[HEADING=2]Chapter two: Forgotten enemies.[/HEADING]
As the sun came, the bellowing warmth followed and with it the townsfolk all around Calemdar rose to their feet and prepared for the day.
Farmers and merchants, mothers and brothers, anyone and everyone fell out of bed and prepared breakfast, got ready for another day of work and for some labour. Slaves were already up in most towns; fresh stews boiling and the churning fire crackling away at the baked bread preparing breakfast for their masters making the air soothe with a delicous odour of food and it smelled like home to some, and to some, it smelled like freedom.
Though the prison cells weren't really filled, they still carried their weight and those who had broken the law sat there, yearning for freedom, craving it with every piece of themselves. Hoping that, someday their only wish would be fulfilled.
This, was indeed such a day for some of the prisoners. But not entirely.
The cells has grown steep with the growing mass of black market deals and filthy merchants and thieves. Wesburg was losing it's touch, and so it had to dispose of some of the prisoners.
Whilse most of those did not do half as bad of a crime as some, many did not deserve death. And so death was not an option.
Along the roads prisoners walked in chains followed and lead by guardsmen ready for anything.
Some of the women cried as they saw their husbands, their children being forced onward, while others quietly cursed at their filth, and there were those who teared up with sorrow or pitty for their fate.
"Sign the form in the Keep, it will explain everything"
The guards said to the mothers and fathers who wished to see their children or spouses once more.
"Go to the Keep, talk to the cleric"
The guardsmen and the people of the town were close, and thus felt sorrow for their fate as well.
These prisoners were to be taken to Riverbank and Mungen to serve as slaves until their sentance was carried out. The minor faults were kept in the prison cells, but the ones with years and some even tens of years worth of sentances, they were to be carried by ship to these places.
The forms in the Keep were to ensure a safe passage back to Wesburg once their sentance was carried out, and was to be filled by anyone with authority over them, and the coin to see the ship back to Wesburg.
While sorrow and misery over the draughth and heat in Wesburg drove many of it's civilians to their knees, most abandoned their crops and fled the heat.

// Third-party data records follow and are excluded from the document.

(* Let $k\in\mathbb{N}$. If $f\in\mathcal{L}^{(k)}$ and $v\in T^*$, then $|f(v)|\le\ell_k(|v|)\,\|f\|_k$.
   Context: $T$ is a tree (locally finite, connected, simply connected graph, identified with its vertex set) without terminal vertices, rooted at $o$. $|v|$ is the distance from $o$ to $v$; for $v\ne o$, $v^-$ is the parent of $v$. $T^*=T\setminus\{o\}$, $Df(v)=|f(v)-f(v^-)|$. For $x\ge1$: $\ell_0(x)=1$, $\ell_1(x)=1+\ln x$, $\ell_j(x)=1+\ln\ell_{j-1}(x)$ for $j\ge2$. $\mathcal{L}^{(k)}$ is the space of $f:T\to\mathbb{C}$ with $\sup_{v\in T^*}|v|\prod_{j=0}^{k-1}\ell_j(|v|)Df(v)<\infty$, and $\|f\|_k=|f(o)|+\sup_{v\in T^*}|v|\prod_{j=0}^{k-1}\ell_j(|v|)Df(v)$. *)

theory Defs
  imports Complex_Main
begin

text \<open>A rooted tree with vertex set the type 'v, root r, given by its parent map par:
  the edges are the pairs {v, par v} for v \<noteq> r.  Every vertex reaches the root by
  iterating par (connected; acyclicity is automatic for a parent structure).\<close>

definition tree_nbrs :: "('v \<Rightarrow> 'v) \<Rightarrow> 'v \<Rightarrow> 'v \<Rightarrow> 'v set" where
  "tree_nbrs par r v = {w. w \<noteq> r \<and> par w = v} \<union> (if v = r then {} else {par v})"

definition rooted_tree :: "('v \<Rightarrow> 'v) \<Rightarrow> 'v \<Rightarrow> bool" where
  "rooted_tree par r \<longleftrightarrow>
     (\<forall>v. \<exists>n. (par ^^ n) v = r) \<and>
     (\<forall>v. finite (tree_nbrs par r v)) \<and>
     (\<forall>v. card (tree_nbrs par r v) \<noteq> 1)"

definition depth :: "('v \<Rightarrow> 'v) \<Rightarrow> 'v \<Rightarrow> 'v \<Rightarrow> nat" where
  "depth par r v = (LEAST n. (par ^^ n) v = r)"

fun ell :: "nat \<Rightarrow> real \<Rightarrow> real" where
  "ell 0 x = 1"
| "ell (Suc 0) x = 1 + ln x"
| "ell (Suc (Suc j)) x = 1 + ln (ell (Suc j) x)"

definition Df :: "('v \<Rightarrow> 'v) \<Rightarrow> ('v \<Rightarrow> complex) \<Rightarrow> 'v \<Rightarrow> real" where
  "Df par f v = cmod (f v - f (par v))"

definition Lweight :: "nat \<Rightarrow> nat \<Rightarrow> real" where
  "Lweight k n = real n * (\<Prod>j<k. ell j (real n))"

definition Lk :: "('v \<Rightarrow> 'v) \<Rightarrow> 'v \<Rightarrow> nat \<Rightarrow> ('v \<Rightarrow> complex) set" where
  "Lk par r k = {f. bdd_above ((\<lambda>v. Lweight k (depth par r v) * Df par f v) ` {v. v \<noteq> r})}"

definition Lk_norm :: "('v \<Rightarrow> 'v) \<Rightarrow> 'v \<Rightarrow> nat \<Rightarrow> ('v \<Rightarrow> complex) \<Rightarrow> real" where
  "Lk_norm par r k f = cmod (f r) + (SUP v\<in>{v. v \<noteq> r}. Lweight k (depth par r v) * Df par f v)"

end

theory Submission
  imports Defs
begin

text \<open>For k \<ge> 1 the function ell k is concave on [1, \<infinity>) with derivative
  1 / (x \<Prod>j<k. ell j x), so its tangent-line inequality gives
  1 / Lweight k n \<le> ell k n - ell k (n - 1) and, summing, \<Sum>i=1..n. 1 / Lweight k i \<le> ell k n.
  Along the path from v to the root, the increment of f at a vertex of depth i is at most
  M / Lweight k i, where M is the supremum part of the norm; hence |f v - f o| \<le> M ell k |v|,
  and ell k \<ge> 1 absorbs the remaining |f o|.\<close>

lemma ell_ge_1: "1 \<le> x \<Longrightarrow> 1 \<le> ell j x"
  by (induction j x rule: ell.induct) auto

lemma ell_at_1 [simp]: "ell j 1 = 1"
  by (induction j "1::real" rule: ell.induct) auto

lemma ln_diff_ge_div:
  fixes a b :: real
  assumes "0 < a" "0 < b"
  shows "(b - a) / b \<le> ln b - ln a"
proof -
  have "ln (a / b) \<le> a / b - 1"
    using assms by (intro ln_le_minus_one) simp
  moreover have "ln (a / b) = ln a - ln b"
    using assms by (simp add: ln_div)
  moreover have "(b - a) / b = 1 - a / b"
    using assms by (simp add: field_simps)
  ultimately show ?thesis by linarith
qed

lemma ell_tangent_ineq:
  assumes "1 \<le> k" "1 \<le> a" "1 \<le> b"
  shows "(b - a) / (b * (\<Prod>j<k. ell j b)) \<le> ell k b - ell k a"
  using assms(1)
proof (induction k rule: nat_induct_at_least)
  case base
  then show ?case
    using ln_diff_ge_div[of a b] assms by simp
next
  case (Suc k)
  then obtain k' where k': "k = Suc k'"
    using not0_implies_Suc by fastforce
  have ell_a: "1 \<le> ell k a" and ell_b: "1 \<le> ell k b"
    using assms ell_ge_1 by auto
  have "(b - a) / (b * (\<Prod>j<Suc k. ell j b)) = (b - a) / (b * (\<Prod>j<k. ell j b)) / ell k b"
    by (simp add: mult.assoc)
  also have "\<dots> \<le> (ell k b - ell k a) / ell k b"
    using Suc.IH ell_b by (intro divide_right_mono) auto
  also have "\<dots> \<le> ln (ell k b) - ln (ell k a)"
    using ln_diff_ge_div ell_a ell_b by simp
  also have "\<dots> = ell (Suc k) b - ell (Suc k) a"
    using k' by simp
  finally show ?case .
qed

lemma Lweight_pos: "1 \<le> n \<Longrightarrow> 0 < Lweight k n"
  unfolding Lweight_def
  using ell_ge_1 by (intro mult_pos_pos prod_pos) (auto intro: less_le_trans[of 0 1])

lemma sum_inverse_Lweight_le_ell:
  assumes "1 \<le> k" "1 \<le> n"
  shows "(\<Sum>i=1..n. 1 / Lweight k i) \<le> ell k (real n)"
  using assms(2)
proof (induction n rule: nat_induct_at_least)
  case base
  then show ?case by (simp add: Lweight_def)
next
  case (Suc n)
  have "(\<Sum>i=1..Suc n. 1 / Lweight k i) = (\<Sum>i=1..n. 1 / Lweight k i) + 1 / Lweight k (Suc n)"
    by simp
  also have "\<dots> \<le> ell k (real n) + (real (Suc n) - real n) / Lweight k (Suc n)"
    using Suc.IH by simp
  also have "\<dots> \<le> ell k (real (Suc n))"
    using ell_tangent_ineq[OF assms(1), of "real n" "real (Suc n)"] Suc.hyps
    by (simp add: Lweight_def)
  finally show ?case .
qed

lemma depth_root [simp]: "depth par r r = 0"
  unfolding depth_def by simp

lemma depth_parent:
  assumes "rooted_tree par r" "v \<noteq> r"
  shows "depth par r v = Suc (depth par r (par v))"
proof -
  obtain n where "(par ^^ n) v = r"
    using assms(1) unfolding rooted_tree_def by blast
  then have reach: "(par ^^ depth par r v) v = r"
    unfolding depth_def by (rule LeastI)
  then obtain m where m: "depth par r v = Suc m"
    using assms(2) by (cases "depth par r v") auto
  have "(par ^^ m) (par v) = r"
    using reach m by (simp add: funpow_Suc_right del: funpow.simps)
  then have le_m: "depth par r (par v) \<le> m"
    and "(par ^^ depth par r (par v)) (par v) = r"
    unfolding depth_def by (rule Least_le, rule LeastI)
  then have "(par ^^ Suc (depth par r (par v))) v = r"
    by (simp add: funpow_Suc_right del: funpow.simps)
  then have "depth par r v \<le> Suc (depth par r (par v))"
    unfolding depth_def by (rule Least_le)
  with le_m m show ?thesis by simp
qed

lemma depth_eq_0_iff:
  assumes "rooted_tree par r"
  shows "depth par r v = 0 \<longleftrightarrow> v = r"
  using depth_parent[OF assms, of v] by (cases "v = r") auto

lemma norm_diff_root_le_sum:
  fixes f :: "'v \<Rightarrow> 'a::real_normed_vector"
  assumes tree: "rooted_tree par r"
    and step: "\<And>u. u \<noteq> r \<Longrightarrow> norm (f u - f (par u)) \<le> c (depth par r u)"
  shows "norm (f v - f r) \<le> (\<Sum>i=1..depth par r v. c i)"
proof (induction "depth par r v" arbitrary: v)
  case 0
  then show ?case
    using depth_eq_0_iff[OF tree] by simp
next
  case (Suc n v)
  then have "v \<noteq> r"
    by (metis depth_root nat.distinct(1))
  then have depth_par: "depth par r (par v) = n"
    using depth_parent[OF tree] Suc.hyps(2) by simp
  have "norm (f v - f r) \<le> norm (f v - f (par v)) + norm (f (par v) - f r)"
    using norm_triangle_ineq[of "f v - f (par v)" "f (par v) - f r"] by simp
  also have "\<dots> \<le> c (Suc n) + (\<Sum>i=1..n. c i)"
    using step[OF \<open>v \<noteq> r\<close>] Suc.hyps depth_par by (intro add_mono) auto
  also have "\<dots> = (\<Sum>i=1..depth par r v. c i)"
    unfolding Suc.hyps(2)[symmetric] by simp
  finally show ?case .
qed

lemma depth_ge_1: "rooted_tree par r \<Longrightarrow> v \<noteq> r \<Longrightarrow> 1 \<le> depth par r v"
  using depth_parent by fastforce

lemma Lk_increment_le:
  assumes "rooted_tree par r" "f \<in> Lk par r k" "u \<noteq> r"
  shows "cmod (f u - f (par u))
    \<le> (SUP w\<in>{w. w \<noteq> r}. Lweight k (depth par r w) * Df par f w) / Lweight k (depth par r u)"
proof -
  have "Df par f u * Lweight k (depth par r u)
      \<le> (SUP w\<in>{w. w \<noteq> r}. Lweight k (depth par r w) * Df par f w)"
    using assms(2,3) unfolding Lk_def mult.commute[of "Df par f u"] by (intro cSUP_upper) auto
  then show ?thesis
    unfolding Df_def pos_le_divide_eq[OF Lweight_pos[OF depth_ge_1[OF assms(1,3)]]] .
qed

theorem proposition2p2:
  fixes par :: "'v \<Rightarrow> 'v" and r :: 'v and k :: nat and f :: "'v \<Rightarrow> complex" and v :: 'v
  assumes "rooted_tree par r"
    and "k \<ge> 1"
    and "f \<in> Lk par r k"
    and "v \<noteq> r"
  shows "cmod (f v) \<le> ell k (real (depth par r v)) * Lk_norm par r k f"
proof -
  define M where "M = (SUP u\<in>{u. u \<noteq> r}. Lweight k (depth par r u) * Df par f u)"
  define n where "n = depth par r v"
  have increment_le: "cmod (f u - f (par u)) \<le> M * (1 / Lweight k (depth par r u))"
    if "u \<noteq> r" for u
    using Lk_increment_le[OF assms(1,3) that] unfolding M_def by simp
  have "1 \<le> n"
    using depth_ge_1[OF assms(1,4)] unfolding n_def .
  have "0 \<le> M / Lweight k n"
    using Lk_increment_le[OF assms(1,3,4)] norm_ge_zero[of "f v - f (par v)"]
    unfolding M_def n_def by linarith
  then have "0 \<le> M"
    using Lweight_pos[OF \<open>1 \<le> n\<close>, of k] by (simp add: zero_le_divide_iff)
  have "1 \<le> ell k (real n)"
    using \<open>1 \<le> n\<close> ell_ge_1 by simp
  have "cmod (f v - f r) \<le> M * (\<Sum>i=1..n. 1 / Lweight k i)"
    using norm_diff_root_le_sum[OF assms(1) increment_le] unfolding n_def
    by (simp add: sum_distrib_left)
  also have "\<dots> \<le> M * ell k (real n)"
    using sum_inverse_Lweight_le_ell[OF assms(2) \<open>1 \<le> n\<close>] \<open>0 \<le> M\<close>
    by (rule mult_left_mono)
  finally have "cmod (f v) \<le> cmod (f r) + M * ell k (real n)"
    using norm_triangle_ineq2[of "f v" "f r"] by simp
  also have "\<dots> \<le> ell k (real n) * (cmod (f r) + M)"
    using mult_left_mono[OF \<open>1 \<le> ell k (real n)\<close> norm_ge_zero[of "f r"]]
    by (simp add: algebra_simps)
  finally show ?thesis
    unfolding Lk_norm_def M_def n_def .
qed

end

But as Wesburg and Herelden had their troubles, danger grew in the North as the small port town of Lemsten was faced with the giant walls of Tartungen and the unknown danger that lurked the vast area.
News recently traveled to the ears of people across Calemdar that Lemsten was in danger of being the next one to be attacked by whatever cursed Tartungen, but the King spared no influence in re-assuring his people that the danger was safely closed behind shut gates and massive walls, and so it was no threat.
But the seas brought other news. Scouts reported hostile activity within Harpwood, and a strange growing mass in unknown population of unknown genre.
With the King's hands tied with the rumors upon Tartungen as well as the great danger regarding the Rift and the water pouring into it, he could not spare any more influence nor soldiers, and so the townsfolk near Harpwood were going to have to find proof of their accusations or form a militia of their own.
Dawn was upon the world, with new heartbreaking news and rumors and lives were to be changed in the coming days, if not forgotten or devoured by misteries.